The second season of the animated television series Teen Titans, based on the DC comics series of the same time by Bob Haney and Bruno Premiani, originally aired on Cartoon Network in the United States. Developed by Glen Murakami, Sam Register, and television writer David Slack. The series was produced by DC Entertainment and Warner Bros. Animation. The series focuses on a team of crime-fighting teenaged superheroes, consisting of the leader Robin, foreign alien princess Starfire, green shapeshifter Beast Boy, the dark sorceress Raven, and the technological genius Cyborg. The season focuses on a new character, Terra, a hero possessing the ability to move the earth while struggling to accept her boundaries and the Titans as her friends, with Slade's looming presence in her life making it all the more difficult.

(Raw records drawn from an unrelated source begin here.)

(* Let $n\in\mathbb N$. Then there exist $k\in\mathbb N$ and a unital ${}^\ast$-homomorphism $Z_{n,n+1}\to Z_{2^k,2^k+1}$.
   Context: For natural numbers $p,q$, $Z_{p,q}=\{f\in C([0,1],M_p\otimes M_q): f(0)\in M_p\otimes1_q,\ f(1)\in1_p\otimes M_q\}$. *)

theory Defs
  imports "HOL-Analysis.Analysis"
begin

text \<open>Matrices in M_p \<otimes> M_q = M_{pq} are represented as complex-valued functions on
 pairs of tensor indices (i,j), i<p, j<q, vanishing outside the index set.
 Elements of C([0,1], M_p \<otimes> M_q) are functions real \<Rightarrow> matrix, vanishing outside [0,1]
 (canonical representatives), continuous on [0,1] (entrywise, equivalently in norm).\<close>

type_synonym tmat = "nat \<times> nat \<Rightarrow> nat \<times> nat \<Rightarrow> complex"
type_synonym tfun = "real \<Rightarrow> tmat"

definition tidx :: "nat \<Rightarrow> nat \<Rightarrow> (nat \<times> nat) set" where
  "tidx p q = {..<p} \<times> {..<q}"

definition is_tmat :: "nat \<Rightarrow> nat \<Rightarrow> tmat \<Rightarrow> bool" where
  "is_tmat p q A \<longleftrightarrow> (\<forall>a b. (a \<notin> tidx p q \<or> b \<notin> tidx p q) \<longrightarrow> A a b = 0)"

definition in_left :: "nat \<Rightarrow> nat \<Rightarrow> tmat \<Rightarrow> bool" where
  "in_left p q A \<longleftrightarrow> (\<exists>M :: nat \<Rightarrow> nat \<Rightarrow> complex. \<forall>i j i' j'.
      i < p \<longrightarrow> j < q \<longrightarrow> i' < p \<longrightarrow> j' < q \<longrightarrow>
      A (i,j) (i',j') = M i i' * (if j = j' then 1 else 0))"

definition in_right :: "nat \<Rightarrow> nat \<Rightarrow> tmat \<Rightarrow> bool" where
  "in_right p q A \<longleftrightarrow> (\<exists>M :: nat \<Rightarrow> nat \<Rightarrow> complex. \<forall>i j i' j'.
      i < p \<longrightarrow> j < q \<longrightarrow> i' < p \<longrightarrow> j' < q \<longrightarrow>
      A (i,j) (i',j') = (if i = i' then 1 else 0) * M j j')"

definition Zalg :: "nat \<Rightarrow> nat \<Rightarrow> tfun set" where
  "Zalg p q = {f. (\<forall>t. is_tmat p q (f t))
      \<and> (\<forall>t. t \<notin> {0..1} \<longrightarrow> f t = (\<lambda>_ _. 0))
      \<and> (\<forall>a b. continuous_on {0..1} (\<lambda>t. f t a b))
      \<and> in_left p q (f 0) \<and> in_right p q (f 1)}"

definition zadd :: "tfun \<Rightarrow> tfun \<Rightarrow> tfun" where
  "zadd f g = (\<lambda>t a b. f t a b + g t a b)"

definition zscale :: "complex \<Rightarrow> tfun \<Rightarrow> tfun" where
  "zscale c f = (\<lambda>t a b. c * f t a b)"

definition zmult :: "nat \<Rightarrow> nat \<Rightarrow> tfun \<Rightarrow> tfun \<Rightarrow> tfun" where
  "zmult p q f g = (\<lambda>t a b. \<Sum>c\<in>tidx p q. f t a c * g t c b)"

definition zadj :: "tfun \<Rightarrow> tfun" where
  "zadj f = (\<lambda>t a b. cnj (f t b a))"

definition zunit :: "nat \<Rightarrow> nat \<Rightarrow> tfun" where
  "zunit p q = (\<lambda>t a b. if t \<in> {0..1} \<and> a \<in> tidx p q \<and> a = b then 1 else 0)"

definition unital_star_hom :: "nat \<Rightarrow> nat \<Rightarrow> nat \<Rightarrow> nat \<Rightarrow> (tfun \<Rightarrow> tfun) \<Rightarrow> bool" where
  "unital_star_hom p q p' q' \<phi> \<longleftrightarrow>
     (\<forall>f\<in>Zalg p q. \<phi> f \<in> Zalg p' q')
   \<and> (\<forall>f\<in>Zalg p q. \<forall>g\<in>Zalg p q. \<phi> (zadd f g) = zadd (\<phi> f) (\<phi> g))
   \<and> (\<forall>c. \<forall>f\<in>Zalg p q. \<phi> (zscale c f) = zscale c (\<phi> f))
   \<and> (\<forall>f\<in>Zalg p q. \<forall>g\<in>Zalg p q. \<phi> (zmult p q f g) = zmult p' q' (\<phi> f) (\<phi> g))
   \<and> (\<forall>f\<in>Zalg p q. \<phi> (zadj f) = zadj (\<phi> f))
   \<and> \<phi> (zunit p q) = zunit p' q'"

end

theory Submission
  imports Defs
begin

(* Write Z = Z_{n,m}. For sizes r, s \<in> {n, m} there is a unital *-homomorphism from Z to
   C([0,1], M_r \<otimes> M_s) whose value at 0 is x \<otimes> 1 with x depending only on r (the left factor
   of f(0) if r = n, the right factor of f(1) if r = m), and whose value at 1 is 1 \<otimes> y with y
   depending only on s in the same way: the identity for (n, m), the flip t \<mapsto> f(1 - t) with
   exchanged tensor factors for (m, n), and t \<mapsto> U_t (x \<otimes> 1) U_t^* for r = s, where U_t is a
   unitary path from 1 to the tensor flip. Because the endpoint factors only depend on the sizes,
   the block diagonal matrix with a blocks of size n and b of size m along the first tensor factor
   and a', b' along the second lies in Z_{an+bm, a'n+b'm}. Every N \<ge> n(n - 1) is of the form
   an + b(n + 1), so this applies to N = 2^k and N = 2^k + 1 for k = n^2. *)

section \<open>Matrices over a finite index set\<close>

definition mat_mult :: "'a set \<Rightarrow> ('a \<Rightarrow> 'a \<Rightarrow> complex) \<Rightarrow> ('a \<Rightarrow> 'a \<Rightarrow> complex) \<Rightarrow> 'a \<Rightarrow> 'a \<Rightarrow> complex"
  where "mat_mult I X Y = (\<lambda>x y. \<Sum>z\<in>I. X x z * Y z y)"

definition mat_adj :: "('a \<Rightarrow> 'a \<Rightarrow> complex) \<Rightarrow> 'a \<Rightarrow> 'a \<Rightarrow> complex"
  where "mat_adj X = (\<lambda>x y. cnj (X y x))"

definition mat_one :: "'a \<Rightarrow> 'a \<Rightarrow> complex"
  where "mat_one = (\<lambda>x y. if x = y then 1 else 0)"

definition unitary_on :: "'a set \<Rightarrow> ('a \<Rightarrow> 'a \<Rightarrow> complex) \<Rightarrow> bool"
  where "unitary_on I U \<longleftrightarrow> (\<forall>x\<in>I. \<forall>y\<in>I.
     mat_mult I (mat_adj U) U x y = mat_one x y \<and> mat_mult I U (mat_adj U) x y = mat_one x y)"

definition mat_conj :: "'a set \<Rightarrow> ('a \<Rightarrow> 'a \<Rightarrow> complex) \<Rightarrow> ('a \<Rightarrow> 'a \<Rightarrow> complex) \<Rightarrow> 'a \<Rightarrow> 'a \<Rightarrow> complex"
  where "mat_conj I U X = mat_mult I (mat_mult I U X) (mat_adj U)"

lemma mat_mult_assoc:
  assumes "finite I"
  shows "mat_mult I (mat_mult I X Y) Z = mat_mult I X (mat_mult I Y Z)"
proof (intro ext)
  fix x y
  have "(\<Sum>c\<in>I. (\<Sum>d\<in>I. X x d * Y d c) * Z c y) = (\<Sum>c\<in>I. \<Sum>d\<in>I. X x d * Y d c * Z c y)"
    by (simp add: sum_distrib_right)
  also have "\<dots> = (\<Sum>d\<in>I. \<Sum>c\<in>I. X x d * Y d c * Z c y)"
    by (rule sum.swap)
  also have "\<dots> = (\<Sum>d\<in>I. X x d * (\<Sum>c\<in>I. Y d c * Z c y))"
    by (simp add: sum_distrib_left mult.assoc)
  finally show "mat_mult I (mat_mult I X Y) Z x y = mat_mult I X (mat_mult I Y Z) x y"
    by (simp add: mat_mult_def)
qed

The season premiered on January 10, 2004 and ran until August 21, 2004, broadcasting 13 episodes. The season also aired on Kids' WB on later dates. The season re-aired on Kids' WB during the 2007–08 U.S. network television season on The CW for the final time, but instead airing episodes out of order.  

Warner Bros. Home Video released the second season on DVD in the United States on September 12, 2006 and in Canada on September 26, 2006. Upon release of the season on DVD, the season received critical acclaim with the Terra story arc being singled out for praise.

Production
Season two of Teen Titans aired on Cartoon Network Saturday nights at 9:00 P.M., from January 10 to August 21, 2004. During its broadcast, the series shifted from programming blocks Toonami to Miguzi, beginning April 17, 2004. The season was produced by DC Entertainment and Warner Bros. Animation, executive produced by Sander Schwartz and produced by Glen Murakami, Bruce Timm and Linda M. Steiner. Staff directors for the series included Michael Chang, Ciro Nieli and Alex Soto. The episodes for the season were written by a team of writers, which included Adam Beechen, Rick Copp, Rob Hoegee, Dwayne McDuffie, David Slack, and Amy Wolfram. Producer Murakami worked with Derrick Wyatt, Brianne Drouhard, and Jon Suzuki on character design while Hakjoon Kang was the background designer for the series.

Cast and characters

Scott Menville, Hynden Walch, Greg Cipes, Tara Strong, and Khary Payton - reprise their roles in the second season as their respective Teen Titans- Robin, Starfire, Beast Boy, Raven, and Cyborg. In addition to her role as Raven, Strong voices the character Kitten, the daughter of Killer Moth, in the episode "Date with Destiny." Season two also debuts Terra, a young teenage girl with the ability to move the earth around her, and who later develops a relationship with Beast Boy in her second stint with the team, with actress Ashley Johnson providing her voice. Ron Perlman reprises his role as the Titans' main villain Slade, in four episodes of the season. Dee Bradley Baker returns to the series, providing voices for several characters, including the Alien Dog and villain Soto in "Every Dog Has His Day"; Plasmus in two episodes; Overload in part one of the season finale; and Larry, Robin's double from another dimension, in the episode "Fractured." Wil Wheaton returns to his role of Aqualad in the episode "Winner Take All."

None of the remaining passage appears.